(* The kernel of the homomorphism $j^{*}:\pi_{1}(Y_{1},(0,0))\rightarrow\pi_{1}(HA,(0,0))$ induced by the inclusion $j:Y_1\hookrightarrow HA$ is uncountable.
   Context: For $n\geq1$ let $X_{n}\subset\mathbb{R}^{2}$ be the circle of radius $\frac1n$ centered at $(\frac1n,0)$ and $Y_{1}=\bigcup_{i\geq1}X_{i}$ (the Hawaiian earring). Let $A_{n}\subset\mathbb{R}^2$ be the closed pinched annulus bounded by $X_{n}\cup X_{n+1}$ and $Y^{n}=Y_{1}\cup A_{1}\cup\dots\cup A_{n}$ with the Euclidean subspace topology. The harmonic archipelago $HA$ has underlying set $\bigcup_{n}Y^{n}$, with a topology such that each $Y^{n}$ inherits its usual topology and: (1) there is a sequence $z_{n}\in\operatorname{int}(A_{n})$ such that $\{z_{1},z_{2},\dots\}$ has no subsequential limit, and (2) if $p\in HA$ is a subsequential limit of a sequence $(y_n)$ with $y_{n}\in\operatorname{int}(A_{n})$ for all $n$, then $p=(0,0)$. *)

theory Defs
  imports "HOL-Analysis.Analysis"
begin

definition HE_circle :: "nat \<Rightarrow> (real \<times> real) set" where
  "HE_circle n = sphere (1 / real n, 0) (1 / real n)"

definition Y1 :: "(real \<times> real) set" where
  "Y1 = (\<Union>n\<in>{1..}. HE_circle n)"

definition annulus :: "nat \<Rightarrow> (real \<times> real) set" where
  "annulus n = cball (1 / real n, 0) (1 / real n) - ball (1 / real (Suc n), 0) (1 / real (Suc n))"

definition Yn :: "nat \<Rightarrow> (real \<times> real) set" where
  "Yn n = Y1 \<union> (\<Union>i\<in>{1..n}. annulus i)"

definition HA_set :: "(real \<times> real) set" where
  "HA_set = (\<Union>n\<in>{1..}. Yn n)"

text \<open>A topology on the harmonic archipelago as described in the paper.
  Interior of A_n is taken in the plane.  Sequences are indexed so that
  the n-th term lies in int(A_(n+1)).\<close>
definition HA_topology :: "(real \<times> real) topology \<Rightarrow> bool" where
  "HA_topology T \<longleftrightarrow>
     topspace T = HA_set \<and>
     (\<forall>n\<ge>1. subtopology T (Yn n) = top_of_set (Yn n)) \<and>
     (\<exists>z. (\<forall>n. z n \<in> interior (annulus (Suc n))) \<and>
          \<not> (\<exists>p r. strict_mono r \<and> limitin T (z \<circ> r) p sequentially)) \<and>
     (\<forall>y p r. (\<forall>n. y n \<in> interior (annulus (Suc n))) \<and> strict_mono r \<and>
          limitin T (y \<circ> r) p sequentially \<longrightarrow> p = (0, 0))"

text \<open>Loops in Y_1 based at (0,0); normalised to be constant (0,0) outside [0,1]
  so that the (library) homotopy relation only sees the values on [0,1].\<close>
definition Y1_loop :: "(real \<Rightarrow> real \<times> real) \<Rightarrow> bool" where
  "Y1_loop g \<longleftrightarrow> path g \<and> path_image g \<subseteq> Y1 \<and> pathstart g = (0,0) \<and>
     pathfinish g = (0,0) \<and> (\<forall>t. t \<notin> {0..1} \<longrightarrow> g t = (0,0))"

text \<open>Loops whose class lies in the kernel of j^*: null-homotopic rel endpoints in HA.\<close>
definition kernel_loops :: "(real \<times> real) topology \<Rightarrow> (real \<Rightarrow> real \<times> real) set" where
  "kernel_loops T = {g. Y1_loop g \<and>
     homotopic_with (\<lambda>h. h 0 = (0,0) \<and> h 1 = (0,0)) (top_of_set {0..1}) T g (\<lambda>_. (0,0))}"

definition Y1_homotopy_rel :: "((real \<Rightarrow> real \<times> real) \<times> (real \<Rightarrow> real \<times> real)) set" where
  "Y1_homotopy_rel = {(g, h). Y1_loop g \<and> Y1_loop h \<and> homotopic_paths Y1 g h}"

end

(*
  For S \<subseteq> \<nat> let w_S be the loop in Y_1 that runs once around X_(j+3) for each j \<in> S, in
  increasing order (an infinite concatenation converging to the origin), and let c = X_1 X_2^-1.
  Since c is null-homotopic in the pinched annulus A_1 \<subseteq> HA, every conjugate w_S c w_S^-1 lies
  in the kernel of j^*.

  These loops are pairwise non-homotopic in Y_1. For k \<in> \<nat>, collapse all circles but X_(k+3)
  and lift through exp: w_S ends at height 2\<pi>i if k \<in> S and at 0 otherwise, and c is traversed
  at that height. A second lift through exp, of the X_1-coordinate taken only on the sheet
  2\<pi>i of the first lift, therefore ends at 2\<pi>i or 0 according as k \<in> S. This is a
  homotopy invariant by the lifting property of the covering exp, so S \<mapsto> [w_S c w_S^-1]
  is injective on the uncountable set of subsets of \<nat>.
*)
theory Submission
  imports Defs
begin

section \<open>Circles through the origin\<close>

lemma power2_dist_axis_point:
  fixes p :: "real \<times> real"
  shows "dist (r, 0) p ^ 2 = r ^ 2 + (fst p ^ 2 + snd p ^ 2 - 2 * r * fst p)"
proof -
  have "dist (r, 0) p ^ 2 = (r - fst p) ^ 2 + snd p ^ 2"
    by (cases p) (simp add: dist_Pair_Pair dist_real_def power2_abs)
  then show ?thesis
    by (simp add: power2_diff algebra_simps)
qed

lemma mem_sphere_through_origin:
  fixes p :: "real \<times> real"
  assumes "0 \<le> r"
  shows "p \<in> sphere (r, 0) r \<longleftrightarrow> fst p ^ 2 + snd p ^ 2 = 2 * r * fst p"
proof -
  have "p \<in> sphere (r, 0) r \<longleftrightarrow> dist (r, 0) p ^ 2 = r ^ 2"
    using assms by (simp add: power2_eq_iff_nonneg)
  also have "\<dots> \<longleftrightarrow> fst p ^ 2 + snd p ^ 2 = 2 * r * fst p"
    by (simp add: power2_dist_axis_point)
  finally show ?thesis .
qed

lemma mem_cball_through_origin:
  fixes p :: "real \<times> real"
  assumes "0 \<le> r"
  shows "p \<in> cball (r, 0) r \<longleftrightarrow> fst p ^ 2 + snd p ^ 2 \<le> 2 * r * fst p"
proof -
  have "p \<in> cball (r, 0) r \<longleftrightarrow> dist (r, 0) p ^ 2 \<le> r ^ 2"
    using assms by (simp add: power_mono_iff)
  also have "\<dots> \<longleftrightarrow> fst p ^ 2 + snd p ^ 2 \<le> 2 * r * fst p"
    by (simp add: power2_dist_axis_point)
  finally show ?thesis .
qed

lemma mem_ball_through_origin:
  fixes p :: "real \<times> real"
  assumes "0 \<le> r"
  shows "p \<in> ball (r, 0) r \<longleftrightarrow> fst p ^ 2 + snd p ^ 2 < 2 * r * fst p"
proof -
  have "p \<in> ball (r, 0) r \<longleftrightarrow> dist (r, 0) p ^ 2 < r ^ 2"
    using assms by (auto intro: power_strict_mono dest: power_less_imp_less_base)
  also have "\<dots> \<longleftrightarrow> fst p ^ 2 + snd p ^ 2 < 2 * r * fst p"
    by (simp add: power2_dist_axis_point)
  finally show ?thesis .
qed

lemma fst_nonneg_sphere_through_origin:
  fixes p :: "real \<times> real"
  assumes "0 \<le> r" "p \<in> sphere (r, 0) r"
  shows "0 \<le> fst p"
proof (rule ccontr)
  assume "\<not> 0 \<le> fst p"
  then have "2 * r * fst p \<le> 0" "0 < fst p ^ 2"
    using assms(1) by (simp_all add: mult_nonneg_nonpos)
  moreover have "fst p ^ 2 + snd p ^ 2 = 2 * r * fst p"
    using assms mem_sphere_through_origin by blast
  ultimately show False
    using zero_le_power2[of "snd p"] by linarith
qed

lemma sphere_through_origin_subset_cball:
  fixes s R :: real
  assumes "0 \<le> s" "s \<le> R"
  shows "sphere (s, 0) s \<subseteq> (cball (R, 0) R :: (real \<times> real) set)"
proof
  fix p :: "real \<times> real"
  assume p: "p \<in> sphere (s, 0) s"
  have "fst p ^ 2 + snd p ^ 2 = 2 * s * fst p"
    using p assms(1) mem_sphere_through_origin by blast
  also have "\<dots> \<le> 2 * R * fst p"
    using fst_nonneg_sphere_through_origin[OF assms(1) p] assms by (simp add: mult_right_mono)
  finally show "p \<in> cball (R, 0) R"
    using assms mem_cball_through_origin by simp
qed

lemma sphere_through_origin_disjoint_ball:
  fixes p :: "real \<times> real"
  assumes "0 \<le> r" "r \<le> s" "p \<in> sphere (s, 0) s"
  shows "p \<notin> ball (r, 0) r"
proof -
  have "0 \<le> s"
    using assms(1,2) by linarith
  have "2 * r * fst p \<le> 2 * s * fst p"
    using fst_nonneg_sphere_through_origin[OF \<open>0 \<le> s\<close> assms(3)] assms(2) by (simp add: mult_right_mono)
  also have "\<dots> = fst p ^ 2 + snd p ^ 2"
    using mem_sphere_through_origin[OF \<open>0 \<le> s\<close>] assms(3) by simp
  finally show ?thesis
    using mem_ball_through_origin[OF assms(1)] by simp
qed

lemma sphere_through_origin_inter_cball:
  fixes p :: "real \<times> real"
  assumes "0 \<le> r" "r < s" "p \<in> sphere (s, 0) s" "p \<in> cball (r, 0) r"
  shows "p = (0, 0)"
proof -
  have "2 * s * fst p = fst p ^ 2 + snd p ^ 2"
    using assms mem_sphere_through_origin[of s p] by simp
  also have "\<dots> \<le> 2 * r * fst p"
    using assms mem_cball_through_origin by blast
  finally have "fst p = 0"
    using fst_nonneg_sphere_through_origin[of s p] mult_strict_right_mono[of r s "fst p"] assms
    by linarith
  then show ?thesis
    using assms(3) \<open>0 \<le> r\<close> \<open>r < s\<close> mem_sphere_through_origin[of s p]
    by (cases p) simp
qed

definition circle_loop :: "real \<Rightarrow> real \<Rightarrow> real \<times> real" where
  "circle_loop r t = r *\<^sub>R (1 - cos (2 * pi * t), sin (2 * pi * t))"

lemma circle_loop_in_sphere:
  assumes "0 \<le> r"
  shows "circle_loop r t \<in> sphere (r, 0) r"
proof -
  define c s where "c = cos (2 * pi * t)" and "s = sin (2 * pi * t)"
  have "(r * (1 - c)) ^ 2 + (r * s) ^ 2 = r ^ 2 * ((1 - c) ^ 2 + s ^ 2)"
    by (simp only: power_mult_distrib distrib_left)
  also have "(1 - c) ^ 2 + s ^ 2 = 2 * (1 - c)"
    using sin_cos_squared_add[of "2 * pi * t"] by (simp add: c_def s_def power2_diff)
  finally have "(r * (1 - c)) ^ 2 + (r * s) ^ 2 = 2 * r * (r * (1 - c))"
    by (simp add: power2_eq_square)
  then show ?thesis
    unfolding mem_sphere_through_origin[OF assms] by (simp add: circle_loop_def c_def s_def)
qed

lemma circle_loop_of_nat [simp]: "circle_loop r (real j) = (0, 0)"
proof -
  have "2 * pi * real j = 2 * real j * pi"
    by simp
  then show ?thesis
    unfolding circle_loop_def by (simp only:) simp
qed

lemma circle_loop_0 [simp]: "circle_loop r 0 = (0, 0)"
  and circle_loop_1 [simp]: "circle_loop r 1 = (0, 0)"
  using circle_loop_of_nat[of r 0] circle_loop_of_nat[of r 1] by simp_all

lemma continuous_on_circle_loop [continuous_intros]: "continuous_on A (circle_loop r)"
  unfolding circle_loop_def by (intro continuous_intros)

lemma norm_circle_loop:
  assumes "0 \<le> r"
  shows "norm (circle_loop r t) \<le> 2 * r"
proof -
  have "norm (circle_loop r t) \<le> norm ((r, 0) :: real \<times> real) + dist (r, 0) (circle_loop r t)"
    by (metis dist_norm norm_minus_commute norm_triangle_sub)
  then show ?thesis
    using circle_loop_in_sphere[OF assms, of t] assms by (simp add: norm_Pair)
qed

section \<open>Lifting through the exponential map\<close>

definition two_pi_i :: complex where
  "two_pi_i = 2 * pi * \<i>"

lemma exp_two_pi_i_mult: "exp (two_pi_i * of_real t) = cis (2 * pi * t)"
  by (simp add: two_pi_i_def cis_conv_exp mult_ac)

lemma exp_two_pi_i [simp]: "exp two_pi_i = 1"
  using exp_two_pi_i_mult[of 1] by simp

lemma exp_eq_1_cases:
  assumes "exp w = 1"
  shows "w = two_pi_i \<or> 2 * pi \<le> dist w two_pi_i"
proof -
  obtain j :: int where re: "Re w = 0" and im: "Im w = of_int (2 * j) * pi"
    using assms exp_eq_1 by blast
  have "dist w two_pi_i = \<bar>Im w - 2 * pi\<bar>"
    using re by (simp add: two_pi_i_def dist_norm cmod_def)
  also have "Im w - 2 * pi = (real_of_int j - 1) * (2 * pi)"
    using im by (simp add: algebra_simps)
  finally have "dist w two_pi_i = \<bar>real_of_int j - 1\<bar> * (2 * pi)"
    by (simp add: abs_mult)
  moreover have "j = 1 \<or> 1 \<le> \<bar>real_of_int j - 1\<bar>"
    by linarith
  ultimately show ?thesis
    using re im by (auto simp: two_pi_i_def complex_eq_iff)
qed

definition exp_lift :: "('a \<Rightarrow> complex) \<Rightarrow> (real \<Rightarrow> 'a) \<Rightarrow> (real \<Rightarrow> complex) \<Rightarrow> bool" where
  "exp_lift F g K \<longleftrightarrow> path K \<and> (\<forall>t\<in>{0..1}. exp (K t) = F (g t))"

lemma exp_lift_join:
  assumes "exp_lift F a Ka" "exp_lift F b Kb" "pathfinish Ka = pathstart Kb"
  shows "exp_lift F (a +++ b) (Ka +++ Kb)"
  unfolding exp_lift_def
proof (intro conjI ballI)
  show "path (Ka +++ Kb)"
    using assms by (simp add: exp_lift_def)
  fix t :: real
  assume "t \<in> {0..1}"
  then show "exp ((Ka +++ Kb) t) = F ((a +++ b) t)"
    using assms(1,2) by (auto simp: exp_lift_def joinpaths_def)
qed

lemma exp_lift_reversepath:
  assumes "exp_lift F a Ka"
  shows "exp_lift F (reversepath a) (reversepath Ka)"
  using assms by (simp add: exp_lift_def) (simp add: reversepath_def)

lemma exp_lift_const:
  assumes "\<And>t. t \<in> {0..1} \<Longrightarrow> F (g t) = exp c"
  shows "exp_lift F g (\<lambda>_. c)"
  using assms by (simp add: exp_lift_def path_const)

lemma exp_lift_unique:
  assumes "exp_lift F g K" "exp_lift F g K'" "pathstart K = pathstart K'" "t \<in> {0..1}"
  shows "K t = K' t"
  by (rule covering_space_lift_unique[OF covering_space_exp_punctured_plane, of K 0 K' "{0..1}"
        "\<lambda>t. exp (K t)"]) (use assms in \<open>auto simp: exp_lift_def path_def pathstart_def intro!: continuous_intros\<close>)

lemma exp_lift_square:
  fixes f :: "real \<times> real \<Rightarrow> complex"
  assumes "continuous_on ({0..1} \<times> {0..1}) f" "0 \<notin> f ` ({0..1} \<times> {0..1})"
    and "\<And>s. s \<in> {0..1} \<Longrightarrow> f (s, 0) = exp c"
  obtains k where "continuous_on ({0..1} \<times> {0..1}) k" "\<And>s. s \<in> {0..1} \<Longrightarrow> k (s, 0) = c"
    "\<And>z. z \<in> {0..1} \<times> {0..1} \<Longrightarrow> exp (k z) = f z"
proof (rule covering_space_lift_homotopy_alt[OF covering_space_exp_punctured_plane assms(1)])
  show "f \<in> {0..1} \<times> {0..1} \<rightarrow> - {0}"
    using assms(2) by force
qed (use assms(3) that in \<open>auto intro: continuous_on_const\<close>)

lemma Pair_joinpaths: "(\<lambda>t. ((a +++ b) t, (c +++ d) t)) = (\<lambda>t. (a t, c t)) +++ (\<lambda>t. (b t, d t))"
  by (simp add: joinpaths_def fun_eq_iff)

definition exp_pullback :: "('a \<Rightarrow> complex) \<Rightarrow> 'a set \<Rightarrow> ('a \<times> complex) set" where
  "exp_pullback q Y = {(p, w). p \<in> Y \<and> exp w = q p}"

* _About this exercise_: Bring together all lines in the records where the word "pathfinish" is found.

* _Solution to this exercise_:
     pathfinish g = (0,0) \<and> (\<forall>t. t \<notin> {0..1} \<longrightarrow> g t = (0,0))"
  assumes "exp_lift F a Ka" "exp_lift F b Kb" "pathfinish Ka = pathstart Kb"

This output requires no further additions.